Fischer v. Zollino

35 A.3d 270, 303 Conn. 661, 2012 WL 264609, 2012 Conn. LEXIS 47
CourtSupreme Court of Connecticut
DecidedFebruary 7, 2012
DocketSC 18654
StatusPublished
Cited by11 cases

This text of 35 A.3d 270 (Fischer v. Zollino) is published on Counsel Stack Legal Research, covering Supreme Court of Connecticut primary law. Counsel Stack provides free access to over 12 million legal documents including statutes, case law, regulations, and constitutions.

Bluebook
Fischer v. Zollino, 35 A.3d 270, 303 Conn. 661, 2012 WL 264609, 2012 Conn. LEXIS 47 (Colo. 2012).

Opinion

*663 Opinion

ROGERS, C. J.

This case raises the question of whether the putative father of a child, upon learning that he was deceived by his wife, the child’s mother, and the child’s biological father as to the child’s paternity, is estopped from recovering from the biological father funds that the putative father expended to raise the child while believing her to be his offspring. The plaintiff, Eric Fischer, appeals from the judgment of the trial court 1 rendered in favor of the defendant, Richard Zollino, after the trial court concluded that the doctrine of equitable estoppel and public policy concerns precluded the plaintiff from denying his financial responsibility for the child and pursuing his claims for reimbursement, which were based on theories of nondisclosure, misrepresentation and unjust enrichment. The plaintiff claims that the trial court improperly concluded that equitable estoppel barred this action and that, as a public policy matter, permitting him to recover damages from the defendant would be adverse to the child’s best interests. We agree, and reverse the judgment of the trial court.
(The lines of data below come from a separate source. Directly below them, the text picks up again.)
lemma has_derivative_frechet_derivative_along_field:
  fixes f :: "'a::euclidean_space \<Rightarrow> real" and Y :: "'a \<Rightarrow> 'a"
  assumes f: "smooth_on f S" "open S" "q \<in> S" and Y: "(Y has_derivative Y') (at q)"
  shows "((\<lambda>y. frechet_derivative f (at y) (Y y)) has_derivative
     (\<lambda>h. (\<Sum>b\<in>Basis. (Y q \<bullet> b) * frechet_derivative (\<lambda>y. frechet_derivative f (at y) b) (at q) h)
          + frechet_derivative f (at q) (Y' h))) (at q)"
proof -
  define df where "df b = (\<lambda>y. frechet_derivative f (at y) b)" for b
  define ddf where "ddf b = frechet_derivative (df b) (at q)" for b
  have expansion: "frechet_derivative f (at y) w = (\<Sum>b\<in>Basis. (w \<bullet> b) * df b y)" if "y \<in> S" for y w
    unfolding df_def using smooth_on_differentiable_at[OF f(1,2) that]
    by (intro linear_real_eq_sum_Basis linear_frechet_derivative)
  have "((\<lambda>y. (Y y \<bullet> b) * df b y) has_derivative
      (\<lambda>h. (Y q \<bullet> b) * ddf b h + (Y' h \<bullet> b) * df b q)) (at q)" if "b \<in> Basis" for b
    using smooth_on_partial_differentiable_at[OF f(1,2) that f(3)]
    unfolding df_def ddf_def frechet_derivative_works
    by (rule has_derivative_mult[OF has_derivative_inner_left[OF Y]])
  then have "((\<lambda>y. \<Sum>b\<in>Basis. (Y y \<bullet> b) * df b y) has_derivative
      (\<lambda>h. \<Sum>b\<in>Basis. (Y q \<bullet> b) * ddf b h + (Y' h \<bullet> b) * df b q)) (at q)"
    by (rule has_derivative_sum)
  then have "((\<lambda>y. \<Sum>b\<in>Basis. (Y y \<bullet> b) * df b y) has_derivative
      (\<lambda>h. (\<Sum>b\<in>Basis. (Y q \<bullet> b) * ddf b h) + frechet_derivative f (at q) (Y' h))) (at q)"
    by (simp add: sum.distrib expansion[OF f(3)])
  then have "((\<lambda>y. frechet_derivative f (at y) (Y y)) has_derivative
      (\<lambda>h. (\<Sum>b\<in>Basis. (Y q \<bullet> b) * ddf b h) + frechet_derivative f (at q) (Y' h))) (at q)"
    by (rule has_derivative_transform_within_open[OF _ f(2,3)]) (simp add: expansion)
  then show ?thesis
    unfolding ddf_def df_def .
qed

lemma frechet_derivative_annihilated_field:
  fixes f :: "'a::euclidean_space \<Rightarrow> real" and Y :: "'a \<Rightarrow> 'a"
  assumes f: "smooth_on f S" "open S" and W: "open W" "W \<subseteq> S" "q \<in> W"
    and Y: "Y differentiable (at q)"
    and annihilated: "\<And>y. y \<in> W \<Longrightarrow> frechet_derivative f (at y) (Y y) = 0"
  shows "frechet_derivative f (at q) (frechet_derivative Y (at q) h) =
     - (\<Sum>b\<in>Basis. (Y q \<bullet> b) * frechet_derivative (\<lambda>y. frechet_derivative f (at y) b) (at q) h)"
proof -
  have "q \<in> S"
    using W by blast
  have "((\<lambda>y. frechet_derivative f (at y) (Y y)) has_derivative (\<lambda>h. 0)) (at q)"
    by (rule has_derivative_transform_within_open[OF has_derivative_const W(1,3)]) (simp add: annihilated)
  with has_derivative_frechet_derivative_along_field[OF f \<open>q \<in> S\<close>, of Y "frechet_derivative Y (at q)"]
  have "(\<lambda>h. (\<Sum>b\<in>Basis. (Y q \<bullet> b) * frechet_derivative (\<lambda>y. frechet_derivative f (at y) b) (at q) h)
          + frechet_derivative f (at q) (frechet_derivative Y (at q) h)) = (\<lambda>h. 0)"
    using Y has_derivative_unique unfolding frechet_derivative_works by blast
  then have "(\<Sum>b\<in>Basis. (Y q \<bullet> b) * frechet_derivative (\<lambda>y. frechet_derivative f (at y) b) (at q) h)
      + frechet_derivative f (at q) (frechet_derivative Y (at q) h) = 0"
    by (rule fun_cong[where x = h, simplified])
  then show ?thesis
    by linarith
qed

lemma frechet_derivative_lie_bracket_annihilated:
  fixes f :: "'a::euclidean_space \<Rightarrow> real" and X Y :: "'a \<Rightarrow> 'a"
  assumes f: "smooth_on f S" "open S" and W: "open W" "W \<subseteq> S" "q \<in> W"
    and X: "X differentiable (at q)" and Y: "Y differentiable (at q)"
    and annihilated_X: "\<And>y. y \<in> W \<Longrightarrow> frechet_derivative f (at y) (X y) = 0"
    and annihilated_Y: "\<And>y. y \<in> W \<Longrightarrow> frechet_derivative f (at y) (Y y) = 0"
  shows "frechet_derivative f (at q)
           (frechet_derivative Y (at q) (X q) - frechet_derivative X (at q) (Y q)) = 0"
proof -
  define ddf where "ddf b = frechet_derivative (\<lambda>y. frechet_derivative f (at y) b) (at q)" for b
  have "q \<in> S"
    using W by blast
  have ddf_expansion: "ddf b h = (\<Sum>c\<in>Basis. (h \<bullet> c) * ddf b c)" if "b \<in> Basis" for b h
    unfolding ddf_def using smooth_on_partial_differentiable_at[OF f that \<open>q \<in> S\<close>]
    by (intro linear_real_eq_sum_Basis linear_frechet_derivative)
  have ddf_symmetric: "ddf b c = ddf c b" if "b \<in> Basis" "c \<in> Basis" for b c
    unfolding ddf_def using smooth_on_second_partials_commute[OF f \<open>q \<in> S\<close> that] .
  have "(\<Sum>b\<in>Basis. (Y q \<bullet> b) * ddf b (X q)) = (\<Sum>b\<in>Basis. \<Sum>c\<in>Basis. (Y q \<bullet> b) * (X q \<bullet> c) * ddf b c)"
    by (intro sum.cong refl) (simp add: ddf_expansion[of _ "X q"] sum_distrib_left mult.assoc)
  also have "\<dots> = (\<Sum>c\<in>Basis. \<Sum>b\<in>Basis. (X q \<bullet> c) * (Y q \<bullet> b) * ddf c b)"
    by (subst sum.swap) (intro sum.cong refl, simp add: ddf_symmetric)
  also have "\<dots> = (\<Sum>c\<in>Basis. (X q \<bullet> c) * ddf c (Y q))"
    by (intro sum.cong refl) (simp add: ddf_expansion[of _ "Y q"] sum_distrib_left mult.assoc)
  finally show ?thesis
    using frechet_derivative_annihilated_field[OF f W Y annihilated_Y, of "X q"]
      frechet_derivative_annihilated_field[OF f W X annihilated_X, of "Y q"]
      linear_diff[OF linear_frechet_derivative[OF smooth_on_differentiable_at[OF f \<open>q \<in> S\<close>]]]
    unfolding ddf_def by simp
qed

lemma fst_frechet_derivative_eq_0:
  fixes Y :: "'a::real_normed_vector \<Rightarrow> 'b::real_normed_vector \<times> 'c::real_normed_vector"
  assumes "open W" "q \<in> W" "Y differentiable (at q)" "\<And>y. y \<in> W \<Longrightarrow> fst (Y y) = 0"
  shows "fst (frechet_derivative Y (at q) h) = 0"
proof -
  have "((\<lambda>y. fst (Y y)) has_derivative (\<lambda>h. fst (frechet_derivative Y (at q) h))) (at q)"
    using assms(3) unfolding frechet_derivative_works by (rule has_derivative_fst)
  moreover have "((\<lambda>y. fst (Y y)) has_derivative (\<lambda>h. 0)) (at q)"
    by (rule has_derivative_transform_within_open[OF has_derivative_const assms(1,2)]) (simp add: assms(4))
  ultimately have "(\<lambda>h. fst (frechet_derivative Y (at q) h)) = (\<lambda>h. 0)"
    by (rule has_derivative_unique)
  then show ?thesis
    by (rule fun_cong[where x = h, simplified])
qed

section \<open>Projection onto a hyperplane along a vector\<close>

definition proj_ker_along :: "('a::real_vector \<Rightarrow> real) \<Rightarrow> 'a \<Rightarrow> 'a \<Rightarrow> 'a" where
  "proj_ker_along l y w = w - (l w / l y) *\<^sub>R y"

context
  fixes l :: "'a::real_vector \<Rightarrow> real" and y :: 'a
  assumes l: "linear l" and ly: "l y \<noteq> 0"
begin

lemma proj_ker_along_in_ker: "l (proj_ker_along l y w) = 0"
  using ly by (simp add: proj_ker_along_def linear_diff[OF l] linear_scale[OF l])

lemma proj_ker_along_ker: "l w = 0 \<Longrightarrow> proj_ker_along l y w = w"
  by (simp add: proj_ker_along_def)

lemma range_proj_ker_along: "range (proj_ker_along l y) = {w. l w = 0}"
  using proj_ker_along_in_ker proj_ker_along_ker by auto (metis rangeI)

lemma proj_ker_along_eq_0_iff: "proj_ker_along l y w = 0 \<longleftrightarrow> w \<in> span {y}"
proof
  assume "proj_ker_along l y w = 0"
  then have "w = (l w / l y) *\<^sub>R y"
    by (simp add: proj_ker_along_def)
  then show "w \<in> span {y}"
    by (metis span_base span_scale singletonI)
next
  assume "w \<in> span {y}"
  then obtain c where "w = c *\<^sub>R y"
    by (auto simp: span_singleton)
  then show "proj_ker_along l y w = 0"
    using ly by (simp add: proj_ker_along_def linear_scale[OF l])
qed

lemma is_direct_sum_ker_span: "is_direct_sum UNIV {w. l w = 0} (span {y})"
  unfolding is_direct_sum_def
proof (intro conjI)
  have "w = proj_ker_along l y w + (l w / l y) *\<^sub>R y" for w
    by (simp add: proj_ker_along_def)
  then show "UNIV = {a + b |a b. a \<in> {w. l w = 0} \<and> b \<in> span {y}}"
    using proj_ker_along_in_ker by (blast intro: span_base span_scale)
  show "{w. l w = 0} \<inter> span {y} = {0}"
  proof (intro set_eqI iffI)
    fix w assume "w \<in> {w. l w = 0} \<inter> span {y}"
    then show "w \<in> {0}"
      using proj_ker_along_eq_0_iff proj_ker_along_ker by force
  qed (simp_all add: linear_0[OF l] span_zero)
qed

end

lemma is_direct_sum_linear_image:
  assumes "linear f" "inj f" "is_direct_sum W A B"
  shows "is_direct_sum (f ` W) (f ` A) (f ` B)"
proof -
  have "f ` {a + b |a b. a \<in> A \<and> b \<in> B} = {a + b |a b. a \<in> f ` A \<and> b \<in> f ` B}"
    by (fastforce simp: linear_add[OF assms(1)] image_iff)
  moreover have "f ` A \<inter> f ` B = f ` (A \<inter> B)"
    using assms(2) by (simp add: image_Int)
  ultimately show ?thesis
    using assms(3) linear_0[OF assms(1)] by (simp add: is_direct_sum_def)
qed

lemma is_direct_sum_preimage_kernel:
  assumes "linear \<nu>" "linear \<sigma>" "\<And>w. \<nu> (\<sigma> w) = w" "subspace S"
  shows "is_direct_sum (\<nu> -` S) {X. \<nu> X = 0} (\<sigma> ` S)"
  unfolding is_direct_sum_def
proof (intro conjI set_eqI iffI)
  fix X assume "X \<in> \<nu> -` S"
  moreover have "X = (X - \<sigma> (\<nu> X)) + \<sigma> (\<nu> X)" "\<nu> (X - \<sigma> (\<nu> X)) = 0"
    using assms(3) linear_diff[OF assms(1)] by auto
  ultimately show "X \<in> {a + b |a b. a \<in> {X. \<nu> X = 0} \<and> b \<in> \<sigma> ` S}"
    by blast
next
  fix X assume "X \<in> {a + b |a b. a \<in> {X. \<nu> X = 0} \<and> b \<in> \<sigma> ` S}"
  then show "X \<in> \<nu> -` S"
    using assms(3) linear_add[OF assms(1)] by auto
next
  fix X assume "X \<in> {X. \<nu> X = 0} \<inter> \<sigma> ` S"
  then show "X \<in> {0}"
    using assms(3) linear_0[OF assms(2)] by auto
next
  fix X :: 'a assume "X \<in> {0}"
  then show "X \<in> {X. \<nu> X = 0} \<inter> \<sigma> ` S"
    using linear_0[OF assms(1)] linear_0[OF assms(2)] subspace_0[OF assms(4)] by force
qed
At trial, the plaintiff presented evidence to prove the following facts, and the defendant did not present evidence to the contrary. 2 The plaintiff and Pamela Tournier were married on April 26, 1986. Tournier gave birth *664 to two daughters during the marriage, the elder daughter in 1986, and the younger daughter in 1992. Questions relating to the younger daughter’s paternity gave rise to this litigation.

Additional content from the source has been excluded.